• [What you are asked to do] Where the string "bool" occurs in a line of the entries below, copy that line.

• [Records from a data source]
....
definition vball :: "nat \<Rightarrow> (nat \<Rightarrow> real) \<Rightarrow> real \<Rightarrow> (nat \<Rightarrow> real) set" where
  "vball k c r = {x \<in> vecs k. vnorm k (\<lambda>j. x j - c j) < r}"

definition affine_app :: "nat \<Rightarrow> nat \<Rightarrow> (nat \<Rightarrow> nat \<Rightarrow> real) \<Rightarrow> (nat \<Rightarrow> real)
    \<Rightarrow> (nat \<Rightarrow> real) \<Rightarrow> (nat \<Rightarrow> real)" where
  "affine_app a b A c x = (\<lambda>i. if i < b then (\<Sum>j<a. A i j * x j) + c i else 0)"

definition asymptotically_affine ::
    "nat \<Rightarrow> nat \<Rightarrow> ((nat \<Rightarrow> real) \<Rightarrow> (nat \<Rightarrow> real)) \<Rightarrow> bool" where
  "asymptotically_affine n m f \<longleftrightarrow>
     (\<forall>x\<in>vecs n. f x \<in> vecs m) \<and> continuous_on (vecs n) f \<and>
     (\<exists>A c. \<forall>\<epsilon>>0. \<exists>K. K \<subseteq> vecs n \<and> compact K \<and>
        (\<forall>x\<in>vecs n - K. vnorm m (\<lambda>i. affine_app n m A c x i - f x i) < \<epsilon>))"

definition good_cover ::
    "nat \<Rightarrow> nat \<Rightarrow> ((nat \<Rightarrow> real) \<Rightarrow> (nat \<Rightarrow> real)) \<Rightarrow> (nat \<Rightarrow> real) set \<Rightarrow> real \<Rightarrow> nat \<Rightarrow> bool" where
  "good_cover n m f K \<epsilon> N \<longleftrightarrow>
     (\<exists>c r. (\<forall>i<N. c i \<in> K \<and> 0 < r i \<and> r i < 1) \<and>
            K \<subseteq> (\<Union>i<N. vball n (c i) (r i)) \<and>
            (\<forall>i<N. \<forall>x \<in> vball n (c i) (r i) \<inter> K. vnorm m (\<lambda>j. f x j - f (c i) j) < \<epsilon>))"

definition Ncov ::
    "nat \<Rightarrow> nat \<Rightarrow> ((nat \<Rightarrow> real) \<Rightarrow> (nat \<Rightarrow> real)) \<Rightarrow> (nat \<Rightarrow> real) set \<Rightarrow> real \<Rightarrow> nat" where
  "Ncov n m f K \<epsilon> = (LEAST N. good_cover n m f K \<epsilon> N)"

text \<open>Piecewise differentiable h : R -> R: R splits into finitely many intervals
  on whose interiors h is differentiable, i.e. h is differentiable outside a finite set.\<close>
definition piecewise_diff :: "(real \<Rightarrow> real) \<Rightarrow> bool" where
  "piecewise_diff h \<longleftrightarrow> (\<exists>T. finite T \<and> (\<forall>x. x \<notin> T \<longrightarrow> h differentiable (at x)))"

definition radial :: "nat \<Rightarrow> (real \<Rightarrow> real) \<Rightarrow> (nat \<Rightarrow> real) \<Rightarrow> (nat \<Rightarrow> real)" where
  "radial k h v = (if vnorm k v = 0 then (\<lambda>_. 0)
                   else (\<lambda>i. if i < k then h (vnorm k v) / vnorm k v * v i else 0))"

fun feedforward :: "nat list \<Rightarrow> ((nat \<Rightarrow> nat \<Rightarrow> real) \<times> (nat \<Rightarrow> real) \<times> (real \<Rightarrow> real)) list
    \<Rightarrow> (nat \<Rightarrow> real) \<Rightarrow> (nat \<Rightarrow> real)" where
  "feedforward (n0 # n1 # ns) ((W, b, h) # ls) x =
     feedforward (n1 # ns) ls (radial n1 h (affine_app n0 n1 W b x))"
| "feedforward _ _ x = x"

definition is_radial_nn_function :: "nat list \<Rightarrow> ((nat \<Rightarrow> real) \<Rightarrow> (nat \<Rightarrow> real)) \<Rightarrow> bool" where
  "is_radial_nn_function ws F \<longleftrightarrow>
     (\<exists>layers. length ws = length layers + 1 \<and>
        (\<forall>(W, b, h) \<in> set layers. piecewise_diff h) \<and>
        (\<forall>x \<in> vecs (hd ws). F x = feedforward ws layers x))"

end

theory Submission
  imports Defs
begin

text \<open>Outside a compact set \<open>K\<^sub>0\<close> the map \<open>f\<close> is \<open>\<epsilon>\<close>-close to an affine map \<open>L\<close>, and by
  continuity \<open>K\<^sub>0\<close> is covered by finitely many balls \<open>B\<^sub>j = B(p\<^sub>j, r\<^sub>j)\<close>, \<open>j < M\<close>, of radius
  below 1 on each of which \<open>f\<close> varies by less than \<open>\<epsilon>\<close>. Hidden layer \<open>k\<close> appends a coordinate
  set to 1, translates by \<open>-p\<^sub>k\<close> and annihilates its input when the norm is below
  \<open>sqrt (1 + r\<^sub>k\<^sup>2)\<close>; this happens exactly when \<open>x \<in> B\<^sub>k\<close> and \<open>x\<close> lies in no earlier ball, and
  an annihilated input stays recognisable in all later layers. The affine output layer
  then returns \<open>f(p\<^sub>j)\<close> on the first ball \<open>B\<^sub>j\<close> containing \<open>x\<close> and \<open>L x\<close> off all balls.

  Since \<open>N(f,K,\<epsilon>)\<close> only controls \<open>f\<close> on \<open>B\<^sub>i \<inter> K\<close>, the balls are not taken from a minimal
  cover. Instead \<open>K\<close> is \<open>K\<^sub>0\<close> together with \<open>M\<close> points at mutual distance 2, which forces
  \<open>N(f,K,\<epsilon>) \<ge> M\<close>; the surplus layers have threshold 0 and act as the identity.\<close>

lemma vnorm_eq_L2_set: "vnorm k v = L2_set v {..<k}"
  unfolding vnorm_def L2_set_def ..

lemma vnorm_nonneg [simp]: "0 \<le> vnorm k v"
  by (simp add: vnorm_eq_L2_set)

lemma abs_le_vnorm: "i < k \<Longrightarrow> \<bar>v i\<bar> \<le> vnorm k v"
  using member_le_L2_set[of "{..<k}" i "\<lambda>i. \<bar>v i\<bar>"] by (simp add: vnorm_eq_L2_set L2_set_def)

lemma vnorm_cong: "(\<And>i. i < k \<Longrightarrow> u i = v i) \<Longrightarrow> vnorm k u = vnorm k v"
  unfolding vnorm_def by simp

lemma vnorm_diff_commute: "vnorm k (\<lambda>i. x i - y i) = vnorm k (\<lambda>i. y i - x i)"
  unfolding vnorm_def by (simp add: power2_commute)

lemma vnorm_zero [simp]: "vnorm k (\<lambda>i. 0) = 0"
  unfolding vnorm_def by simp

lemma vnorm_triangle:
  "vnorm k (\<lambda>i. x i - z i) \<le> vnorm k (\<lambda>i. x i - y i) + vnorm k (\<lambda>i. y i - z i)"
  using L2_set_triangle_ineq[of "\<lambda>i. x i - y i" "\<lambda>i. y i - z i" "{..<k}"]
  by (simp add: vnorm_eq_L2_set)

lemma vnorm_eq_0_vecs: "v \<in> vecs k \<Longrightarrow> vnorm k v = 0 \<longleftrightarrow> v = (\<lambda>_. 0)"
  by (auto simp: vnorm_eq_L2_set L2_set_eq_0_iff vecs_def fun_eq_iff) (metis lessThan_iff not_le)

lemma vnorm_less_iff_power2: "0 \<le> r \<Longrightarrow> vnorm k v < r \<longleftrightarrow> (\<Sum>i<k. (v i)\<^sup>2) < r\<^sup>2"
  unfolding vnorm_def by (metis abs_of_nonneg real_sqrt_abs real_sqrt_less_iff)

lemma open_vnorm_less: "open {x. vnorm k (\<lambda>i. x i - y i) < r}"
  unfolding vnorm_def
  by (intro open_Collect_less continuous_intros continuous_on_product_coordinates)

lemma open_contains_vball:
  assumes "open V" "y \<in> V" "y \<in> vecs n"
  obtains \<delta> where "\<delta> > 0" "vball n y \<delta> \<subseteq> V"
proof -
  obtain \<eta> where "\<eta> > 0" "ball y \<eta> \<subseteq> V"
    using assms open_contains_ball by blast
  obtain N where N: "(1/2::real)^N < \<eta>/2"
    using real_arch_pow_inv[of "\<eta>/2" "1/2::real"] \<open>\<eta> > 0\<close> by auto
  have "x \<in> V" if x: "x \<in> vball n y (\<eta>/4)" for x
  proof -
    have "dist (x j) (y j) \<le> vnorm n (\<lambda>i. x i - y i)" for j
      using abs_le_vnorm[of j n "\<lambda>i. x i - y i"] x assms(3)
      by (cases "j < n") (auto simp: dist_real_def vball_def vecs_def)
    then have "Max {dist (x (from_nat k)) (y (from_nat k)) |k. k \<le> N} \<le> vnorm n (\<lambda>i. x i - y i)"
      by (subst Max_le_iff) auto
    \<comment> \<open>the product metric on \<open>nat \<Rightarrow> real\<close> is controlled by finitely many coordinates\<close>
    then have "dist x y < \<eta>"
      using dist_fun_le_dist_first_terms[of x y N] N x by (simp add: vball_def)
    then show ?thesis using \<open>ball y \<eta> \<subseteq> V\<close> by (auto simp: dist_commute)
  qed
  then show ?thesis using that[of "\<eta>/4"] \<open>\<eta> > 0\<close> by auto
qed

lemma continuous_on_vecs_vball:
  assumes "continuous_on (vecs n) f" "y \<in> vecs n" "\<epsilon> > 0"
  obtains \<delta> where "\<delta> > 0" "\<forall>x\<in>vball n y \<delta>. vnorm m (\<lambda>i. f x i - f y i) < \<epsilon>"
proof -
  define U where "U = {u. vnorm m (\<lambda>i. u i - f y i) < \<epsilon>}"
  have "continuous (at y within vecs n) f"
    using assms(1,2) continuous_on_eq_continuous_within by blast
  moreover have "open U" "f y \<in> U"
    using open_vnorm_less assms(3) by (auto simp: U_def)
  ultimately obtain V where V: "open V" "y \<in> V" "\<forall>x\<in>vecs n. x \<in> V \<longrightarrow> f x \<in> U"
    unfolding continuous_within_topological by metis
  obtain \<delta> where "\<delta> > 0" "vball n y \<delta> \<subseteq> V"
    using open_contains_vball[OF V(1,2) assms(2)] .
  then show ?thesis using that V(3) by (auto simp: vball_def U_def)
qed

lemma compact_vball_cover:
  assumes "continuous_on (vecs n) f" "K \<subseteq> vecs n" "compact K" "\<epsilon> > 0"
  obtains M :: nat and p r where "\<forall>j<M. p j \<in> K \<and> 0 < r j \<and> r j < 1"
    "K \<subseteq> (\<Union>j<M. vball n (p j) (r j))"
    "\<forall>j<M. \<forall>x\<in>vball n (p j) (r j). vnorm m (\<lambda>i. f x i - f (p j) i) < \<epsilon>"
proof -
  have "\<exists>\<delta>. 0 < \<delta> \<and> \<delta> < 1 \<and> (\<forall>x\<in>vball n y \<delta>. vnorm m (\<lambda>i. f x i - f y i) < \<epsilon>)"
    if "y \<in> K" for y
  proof -
    have "y \<in> vecs n" using that assms(2) by blast
    then obtain \<delta> where "\<delta> > 0" "\<forall>x\<in>vball n y \<delta>. vnorm m (\<lambda>i. f x i - f y i) < \<epsilon>"
      using continuous_on_vecs_vball[OF assms(1) _ assms(4)] by blast
    then show ?thesis by (intro exI[of _ "min \<delta> (1/2)"]) (auto simp: vball_def)
  qed
  then obtain \<delta> where \<delta>: "\<And>y. y \<in> K \<Longrightarrow> 0 < \<delta> y \<and> \<delta> y < 1 \<and>
      (\<forall>x\<in>vball n y (\<delta> y). vnorm m (\<lambda>i. f x i - f y i) < \<epsilon>)"
    by metis
  have "K \<subseteq> (\<Union>y\<in>K. {x. vnorm n (\<lambda>i. x i - y i) < \<delta> y})"
    using \<delta> by force
  then obtain D where D: "D \<subseteq> K" "finite D" "K \<subseteq> (\<Union>y\<in>D. {x. vnorm n (\<lambda>i. x i - y i) < \<delta> y})"
    using compactE_image[of K K "\<lambda>y. {x. vnorm n (\<lambda>i. x i - y i) < \<delta> y}"] assms(3) open_vnorm_less
    by blast
  obtain M :: nat and p where "D = p ` {i. i < M}"
    using finite_imp_nat_seg_image_inj_on[OF D(2)] by blast
  then have D_eq: "D = p ` {..<M}" by (simp add: lessThan_def)
  show ?thesis
  proof (rule that[of M p "\<delta> \<circ> p"])
    show "\<forall>j<M. p j \<in> K \<and> 0 < (\<delta> \<circ> p) j \<and> (\<delta> \<circ> p) j < 1"
      using D(1) D_eq \<delta> by auto
    show "K \<subseteq> (\<Union>j<M. vball n (p j) ((\<delta> \<circ> p) j))"
      using D(3) D_eq assms(2) by (auto simp: vball_def)
    show "\<forall>j<M. \<forall>x\<in>vball n (p j) ((\<delta> \<circ> p) j). vnorm m (\<lambda>i. f x i - f (p j) i) < \<epsilon>"
      using D(1) D_eq \<delta> by auto
  qed
qed

lemma good_cover_Ncov:
  assumes "continuous_on (vecs n) f" "K \<subseteq> vecs n" "compact K" "\<epsilon> > 0"
  shows "good_cover n m f K \<epsilon> (Ncov n m f K \<epsilon>)"
proof -
  obtain M :: nat and p r where "\<forall>j<M. p j \<in> K \<and> 0 < r j \<and> r j < 1"
    "K \<subseteq> (\<Union>j<M. vball n (p j) (r j))"
    "\<forall>j<M. \<forall>x\<in>vball n (p j) (r j). vnorm m (\<lambda>i. f x i - f (p j) i) < \<epsilon>"
    using compact_vball_cover[where m = m, OF assms] .
  then have "good_cover n m f K \<epsilon> M"
    unfolding good_cover_def by blast
  then show ?thesis
    unfolding Ncov_def by (rule LeastI)
qed

lemma good_cover_separated_le:
  assumes cover: "good_cover n m f K \<epsilon> N" and "q ` {..<M} \<subseteq> K"
    and sep: "\<And>l j. l < M \<Longrightarrow> j < M \<Longrightarrow> l \<noteq> j \<Longrightarrow> 2 \<le> vnorm n (\<lambda>i. q l i - q j i)"
  shows "M \<le> N"
proof -
  obtain c r where r: "\<forall>i<N. r i < 1" and K: "K \<subseteq> (\<Union>i<N. vball n (c i) (r i))"
    using cover unfolding good_cover_def by blast
  have "\<forall>l\<in>{..<M}. \<exists>i. i < N \<and> q l \<in> vball n (c i) (r i)"
    using K \<open>q ` {..<M} \<subseteq> K\<close> by blast
  then obtain g where "\<forall>l\<in>{..<M}. g l < N \<and> q l \<in> vball n (c (g l)) (r (g l))"
    by (rule bchoice[elim_format]) blast
  then have g: "\<And>l. l < M \<Longrightarrow> g l < N \<and> vnorm n (\<lambda>i. q l i - c (g l) i) < r (g l)"
    by (simp add: vball_def)
  have "inj_on g {..<M}"
  proof (rule inj_onI, rule ccontr)
    fix l j assume "l \<in> {..<M}" "j \<in> {..<M}" "g l = g j" "l \<noteq> j"
    then have "vnorm n (\<lambda>i. q l i - q j i) < 2"
      using g[of l] g[of j] r vnorm_triangle[where k=n and x="q l" and y="c (g l)" and z="q j"]
        vnorm_diff_commute[of n "c (g l)" "q j"] by fastforce
    then show False using sep \<open>l \<in> {..<M}\<close> \<open>j \<in> {..<M}\<close> \<open>l \<noteq> j\<close> by fastforce
  qed
  moreover have "g ` {..<M} \<subseteq> {..<N}" using g by auto
  ultimately show ?thesis
    using card_inj_on_le[of g "{..<M}" "{..<N}"] by simp
qed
....
• [Result below]
    "nat \<Rightarrow> nat \<Rightarrow> ((nat \<Rightarrow> real) \<Rightarrow> (nat \<Rightarrow> real)) \<Rightarrow> bool" where
    "nat \<Rightarrow> nat \<Rightarrow> ((nat \<Rightarrow> real) \<Rightarrow> (nat \<Rightarrow> real)) \<Rightarrow> (nat \<Rightarrow> real) set \<Rightarrow> real \<Rightarrow> nat \<Rightarrow> bool" where
definition piecewise_diff :: "(real \<Rightarrow> real) \<Rightarrow> bool" where
definition is_radial_nn_function :: "nat list \<Rightarrow> ((nat \<Rightarrow> real) \<Rightarrow> (nat \<Rightarrow> real)) \<Rightarrow> bool" where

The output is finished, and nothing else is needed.